When people talk about symptoms of pregnancy, there are a few that always get mentioned such as morning sickness, fatigue, achiness in awful places, and the list goes on. But there is one that nobody mentioned to me... or maybe they did, and I just forgot, which would make sense in light of what I am about to share with you.
Being pregnant is a wonderful thing, in the sense that you are sharing in the creation of an actual human being. It's exciting, and amazing. However, pregnancy isn't always a stroll through the park. Sometimes you just feel like crap. But in the midst of all these crazy symptoms, there is one that I am having a hard time dealing with... Pregnancy Brain.
This is obviously not a technical term, but it's what I am choosing to call it. I have been so forgetful, about everything. I never used to be the kind of person to forget things or to miss deadlines, but I seriously forget everything now. I forgot where I parked my car at school on Tuesday. I forgot that I had references due for commissioning. I even forgot my last name when I was ordering something online earlier today, and instead typed in my maiden name, which my credit card quickly objected to.

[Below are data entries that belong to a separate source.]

(* Let $G_H$ be a finite undirected multigraph (parallel edges allowed, no self-loops) with vertex set $V$ and edge set partitioned as $E = S \sqcup S^c$ into secure edges $S$ and insecure edges $S^c$, and let $0 < p_J^{S^c} \le p_J^{S} \le p_I$ be real costs satisfying $p_J^{S^c} < p_I/2$ and $p_J^{S} + p_J^{S^c} \ge p_I$. Consider the following two problems. (II-A) Give weight $p_I - p_J^{S^c}$ to secure edges and $p_J^{S^c}$ to insecure edges, and find a cut $C^*$ of minimum weight among cuts $C$ with $n^S_C < |C|/2$; form the attack on $C^*$ that injects data into $n^S_{C^*}+1$ insecure edges of $C^*$ and jams all other insecure edges of $C^*$. (II-B) Give weight $p_J^{S}$ to secure edges and $p_I - p_J^{S}$ to insecure edges, and find a cut $C^*$ of minimum weight among cuts $C$ with $n^S_C \ge |C|/2$ and $n^{S^c}_C > 0$; form the attack on $C^*$ that injects data into all insecure edges of $C^*$ and jams $n^S_{C^*} + 1 - n^{S^c}_{C^*}$ secure edges of $C^*$. Then, among the attacks produced by those of the two problems that have a feasible solution, one of minimum cost is an optimal detectable generalized attack in $G_H$.
   Context: For a nonempty proper subset $U \subsetneq V$, the cut $\delta(U)$ is the set of edges with exactly one endpoint in $U$; a cut of $G_H$ is any set of this form. For a cut $C$, $n^S_C = |C\cap S|$ and $n^{S^c}_C = |C \cap S^c|$. The costs are: $p_J^{S^c}$ per jammed insecure edge, $p_J^S$ per jammed secure edge, $p_I$ per insecure edge with injected data. A generalized attack is a triple $(C,J,I)$ where $C$ is a cut, $J \subseteq C$ is the set of jammed edges, and $I \subseteq (C \cap S^c)\setminus J$ is a nonempty set of injected edges; its cost is $p_J^{S}|J\cap S| + p_J^{S^c}|J \cap S^c| + p_I |I|$. The attack is detectable if $2|I| > |C \setminus J|$ (the injected edges form a strict majority of the non-jammed edges of the cut). An optimal detectable generalized attack is one of minimum cost among all detectable generalized attacks. *)

theory Defs
  imports Complex_Main
begin
lemma smooth_on_dirs_commute:
  fixes f :: "'a::real_normed_vector \<Rightarrow> 'b::euclidean_space"
  assumes f: "smooth_on W f" and x: "x \<in> W"
  shows "dirs [h, k] f x = dirs [k, h] f x"
proof (rule euclidean_eqI)
  fix b :: 'b
  have d: "((\<lambda>s. dirs hs f (y + s *\<^sub>R v) \<bullet> b) has_real_derivative dirs (v # hs) f y \<bullet> b) (at 0)"
    if "y \<in> W" for y v hs
    using bounded_linear.has_vector_derivative[OF bounded_linear_inner_left
        smooth_on_has_vector_derivative_dirs[OF f that]]
    by (simp add: has_real_derivative_iff_has_vector_derivative)
  have c: "continuous_on W (\<lambda>y. dirs hs f y \<bullet> b)" for hs
    using smooth_on_continuous_on_dirs[OF f] by (intro continuous_intros)
  have "open W" using f unfolding smooth_on_def by blast
  then show "dirs [h, k] f x \<bullet> b = dirs [k, h] f x \<bullet> b"
  proof (rule directional_derivatives_commute_real[OF _ x])
    show "((\<lambda>s. f (y + s *\<^sub>R h) \<bullet> b) has_real_derivative dirs [h] f y \<bullet> b) (at 0)"
      "((\<lambda>s. f (y + s *\<^sub>R k) \<bullet> b) has_real_derivative dirs [k] f y \<bullet> b) (at 0)"
      if "y \<in> W" for y
      using d[where hs = "[]", OF that] by simp_all
    show "((\<lambda>s. dirs [k] f (y + s *\<^sub>R h) \<bullet> b) has_real_derivative dirs [h, k] f y \<bullet> b) (at 0)"
      "((\<lambda>s. dirs [h] f (y + s *\<^sub>R k) \<bullet> b) has_real_derivative dirs [k, h] f y \<bullet> b) (at 0)"
      if "y \<in> W" for y
      using d[where hs = "[k]", OF that] d[where hs = "[h]", OF that] by simp_all
  qed (rule c)+
qed

section \<open>Partial derivatives along the coordinate axes\<close>

lemma pd_eqI:
  "((\<lambda>s. f (X + s *\<^sub>R axis j 1)) has_vector_derivative D) (at 0) \<Longrightarrow> pd f X j = D"
  by (simp add: pd_def dd_def vector_derivative_at)

lemma pd_eq_0_if_vanishes_on_open:
  assumes "open U" "X \<in> U" "\<And>Y. Y \<in> U \<Longrightarrow> f Y = 0"
  shows "pd f X j = 0"
proof (rule pd_eqI, rule has_vector_derivative_transform_within_open)
  show "((\<lambda>s. 0) has_vector_derivative 0) (at 0)" by simp
  show "open {s::real. X + s *\<^sub>R axis j 1 \<in> U}" by (rule open_line_preimage[OF assms(1)])
qed (use assms(2,3) in auto)

text \<open>Only partial derivatives along the coordinate axes are required: they are all that the
  divergence and the integration by parts below use.\<close>
definition C1_on :: "vec3 set \<Rightarrow> (vec3 \<Rightarrow> 'b::real_normed_vector) \<Rightarrow> bool" where
  "C1_on \<Omega> f \<longleftrightarrow> continuous_on \<Omega> f \<and> (\<forall>j. continuous_on \<Omega> (\<lambda>X. pd f X j)) \<and>
     (\<forall>X\<in>\<Omega>. \<forall>j. ((\<lambda>s. f (X + s *\<^sub>R axis j 1)) has_vector_derivative pd f X j) (at 0))"

lemma C1_on_continuous_on: "C1_on \<Omega> f \<Longrightarrow> continuous_on \<Omega> f"
  unfolding C1_on_def by blast

lemma C1_on_continuous_on_pd: "C1_on \<Omega> f \<Longrightarrow> continuous_on \<Omega> (\<lambda>X. pd f X j)"
  unfolding C1_on_def by blast

lemma C1_on_has_vector_derivative_pd:
  "C1_on \<Omega> f \<Longrightarrow> X \<in> \<Omega> \<Longrightarrow> ((\<lambda>s. f (X + s *\<^sub>R axis j 1)) has_vector_derivative pd f X j) (at 0)"
  unfolding C1_on_def by blast

lemma C1_onI:
  assumes f: "continuous_on \<Omega> f" and D: "\<And>j. continuous_on \<Omega> (D j)"
    and der: "\<And>X j. X \<in> \<Omega> \<Longrightarrow> ((\<lambda>s. f (X + s *\<^sub>R axis j 1)) has_vector_derivative D j X) (at 0)"
  shows "C1_on \<Omega> f"
proof -
  have pd: "pd f X j = D j X" if "X \<in> \<Omega>" for X j
    using pd_eqI[OF der[OF that]] .
  have "continuous_on \<Omega> (\<lambda>X. pd f X j)" for j
    using D by (rule continuous_on_eq) (simp add: pd)
  then show ?thesis
    unfolding C1_on_def using f der by (simp add: pd)
qed

lemma smooth_on_C1_on:
  assumes "smooth_on UNIV f"
  shows "C1_on \<Omega> f"
proof (rule C1_onI[where D = "\<lambda>j. dirs [axis j 1] f"])
  show "continuous_on \<Omega> f" "continuous_on \<Omega> (dirs [axis j 1] f)" for j
    using smooth_on_continuous_on_dirs[OF assms, of "[]"] smooth_on_continuous_on_dirs[OF assms, of "[axis j 1]"]
    by (auto intro: continuous_on_subset)
  show "((\<lambda>s. f (X + s *\<^sub>R axis j 1)) has_vector_derivative dirs [axis j 1] f X) (at 0)" for X j
    using smooth_on_has_vector_derivative_dirs[OF assms UNIV_I, of "[]"] by simp
qed
lemma gtr_sorted_eigenbasis:
  fixes \<pi> :: "(real, 'n::{finite,linorder}) vec" and Q :: "((real, 'n) vec, 'n) vec"
  assumes G: "GTR \<pi> Q"
  obtains w e where
    "\<And>a. a < CARD('n) \<Longrightarrow> sym_rate \<pi> Q *v w a = e a *\<^sub>R w a"
    "\<And>a b. a < CARD('n) \<Longrightarrow> b < CARD('n) \<Longrightarrow> w a \<bullet> w b = (if a = b then 1 else 0)"
    "w 0 = sqrt_pi \<pi>" "e 0 = 0" "\<And>a. 0 < a \<Longrightarrow> a < CARD('n) \<Longrightarrow> e a < 0"
    "\<And>a b. b \<le> a \<Longrightarrow> a < CARD('n) \<Longrightarrow> e a \<le> e b"
proof -
  obtain v e where unit: "\<And>a. a < CARD('n) \<Longrightarrow> norm (v a) = 1"
    and eig: "\<And>a. a < CARD('n) \<Longrightarrow> sym_rate \<pi> Q *v v a = e a *\<^sub>R v a"
    and orth: "\<And>a b. a < CARD('n) \<Longrightarrow> b < CARD('n) \<Longrightarrow> a \<noteq> b \<Longrightarrow> v a \<bullet> v b = 0"
    and anti: "\<And>a b. b \<le> a \<Longrightarrow> a < CARD('n) \<Longrightarrow> e a \<le> e b"
    and top: "\<And>y. norm y = 1 \<Longrightarrow> y \<bullet> (sym_rate \<pi> Q *v y) \<le> e 0"
    by (rule symmetric_sorted_eigenbasis[OF sym_rate_symmetric[OF G]]) blast
  note signs = gtr_eigenvalue_signs[where v = v and e = e, OF G unit eig orth anti top]
  note \<sigma> = sym_rate_sqrt_pi[OF G]
  define w where "w = v(0 := sqrt_pi \<pi>)"
  show thesis
  proof (rule that[of w e])
    show "sym_rate \<pi> Q *v w a = e a *\<^sub>R w a" if "a < CARD('n)" for a
      using eig[OF that] \<sigma>(1) signs(1) unfolding w_def by (cases "a = 0") simp_all
  next
    show "w a \<bullet> w b = (if a = b then 1 else 0)" if "a < CARD('n)" "b < CARD('n)" for a b
      using that unit orth signs(2) \<sigma>(2) unfolding w_def
      by (cases "a = 0"; cases "b = 0") (auto simp: norm_eq_1 inner_commute)
  qed (use signs anti in \<open>simp_all add: w_def\<close>)
qed

definition state_index :: "'n::{finite,linorder} \<Rightarrow> nat" where
  "state_index i = card {j. j < i}"

lemma state_index_less: "i < j \<Longrightarrow> state_index i < state_index j"
  unfolding state_index_def by (rule psubset_card_mono) auto

lemma state_index_bound: "state_index (i::'n::{finite,linorder}) < CARD('n)"
  unfolding state_index_def by (rule psubset_card_mono) auto

lemma state_index_mono: "i \<le> j \<Longrightarrow> state_index i \<le> state_index j"
  using state_index_less[of i j] by (metis order.order_iff_strict less_imp_le)

lemma state_index_inj: "inj state_index"
  by (rule injI) (metis state_index_less less_irrefl linorder_neqE)

lemma state_index_first: "state_index (first_idx :: 'n::{finite,linorder}) = 0"
proof -
  have "first_idx = Min (UNIV :: 'n set)" unfolding first_idx_def
    by (rule Least_equality) auto
  then have "first_idx \<le> j" for j :: 'n by (metis Min_le finite UNIV_I)
  then show ?thesis unfolding state_index_def by (auto simp: not_less[symmetric])
qed

text \<open>The candidate diagonalizer: eigenvectors of the symmetrized matrix as columns, rescaled by
  1/sqrt pi.\<close>
definition scaled_eigenmatrix ::
    "(real, 'n::{finite,linorder}) vec \<Rightarrow> (nat \<Rightarrow> (real, 'n) vec) \<Rightarrow> ((real, 'n) vec, 'n) vec" where
  "scaled_eigenmatrix \<pi> w = (\<chi> l a. w (state_index a) $ l / sqrt (\<pi> $ l))"

lemma scaled_eigenmatrix_rows:
  fixes w :: "nat \<Rightarrow> (real, 'n::{finite,linorder}) vec"
  assumes pos: "\<And>i. \<pi> $ i > 0"
    and orth: "\<And>a b. a < CARD('n) \<Longrightarrow> b < CARD('n) \<Longrightarrow> w a \<bullet> w b = (if a = b then 1 else 0)"
  shows "scaled_eigenmatrix \<pi> w ** transpose (scaled_eigenmatrix \<pi> w) = diagm (\<lambda>i. inverse (\<pi> $ i))"
proof -
  define V :: "((real, 'n) vec, 'n) vec" where "V = (\<chi> l a. w (state_index a) $ l)"
  have "(transpose V ** V) $ a $ b = (if a = b then 1 else 0)" for a b
  proof -
    have "(transpose V ** V) $ a $ b = w (state_index a) \<bullet> w (state_index b)"
      unfolding V_def by (simp add: mat_mult_entry transpose_def inner_vec_def)
    then show ?thesis
      using orth[OF state_index_bound state_index_bound] state_index_inj by (metis injD)
  qed
  then have "transpose V ** V = mat 1" by (simp add: vec_eq_iff mat_def)
  then have VVt: "V ** transpose V = mat 1" using matrix_left_right_inverse by blast
  have "(scaled_eigenmatrix \<pi> w ** transpose (scaled_eigenmatrix \<pi> w)) $ l $ m
      = (V ** transpose V) $ l $ m / (sqrt (\<pi> $ l) * sqrt (\<pi> $ m))" for l m
    unfolding scaled_eigenmatrix_def V_def by (simp add: mat_mult_entry transpose_def sum_divide_distrib)
  then show ?thesis
    using pos by (auto simp: VVt vec_eq_iff diagm_entry mat_def abs_of_pos inverse_eq_divide)
qed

The most serious of offenses in the case of Pregnancy Brain has been the water bottle debacle. It is now a running joke that every time I go to Wal-Mart or Target and buy a bottle of water to drink in the car on the way home, I leave it sitting on the counter, only to be chased after by someone in the store yelling at me and saying, "HEY! You forgot this!" Last night I was in Wal-Mart getting some things for Bible Study, and of course I ran into Holly Hockett. Thank goodness she was behind me in line, because once again, I purchased a bottle of water, and left it sitting there. I walked out the door to be chased down by Madison and Tony (who are Holly's niece and her son) handing me a bag with water in it.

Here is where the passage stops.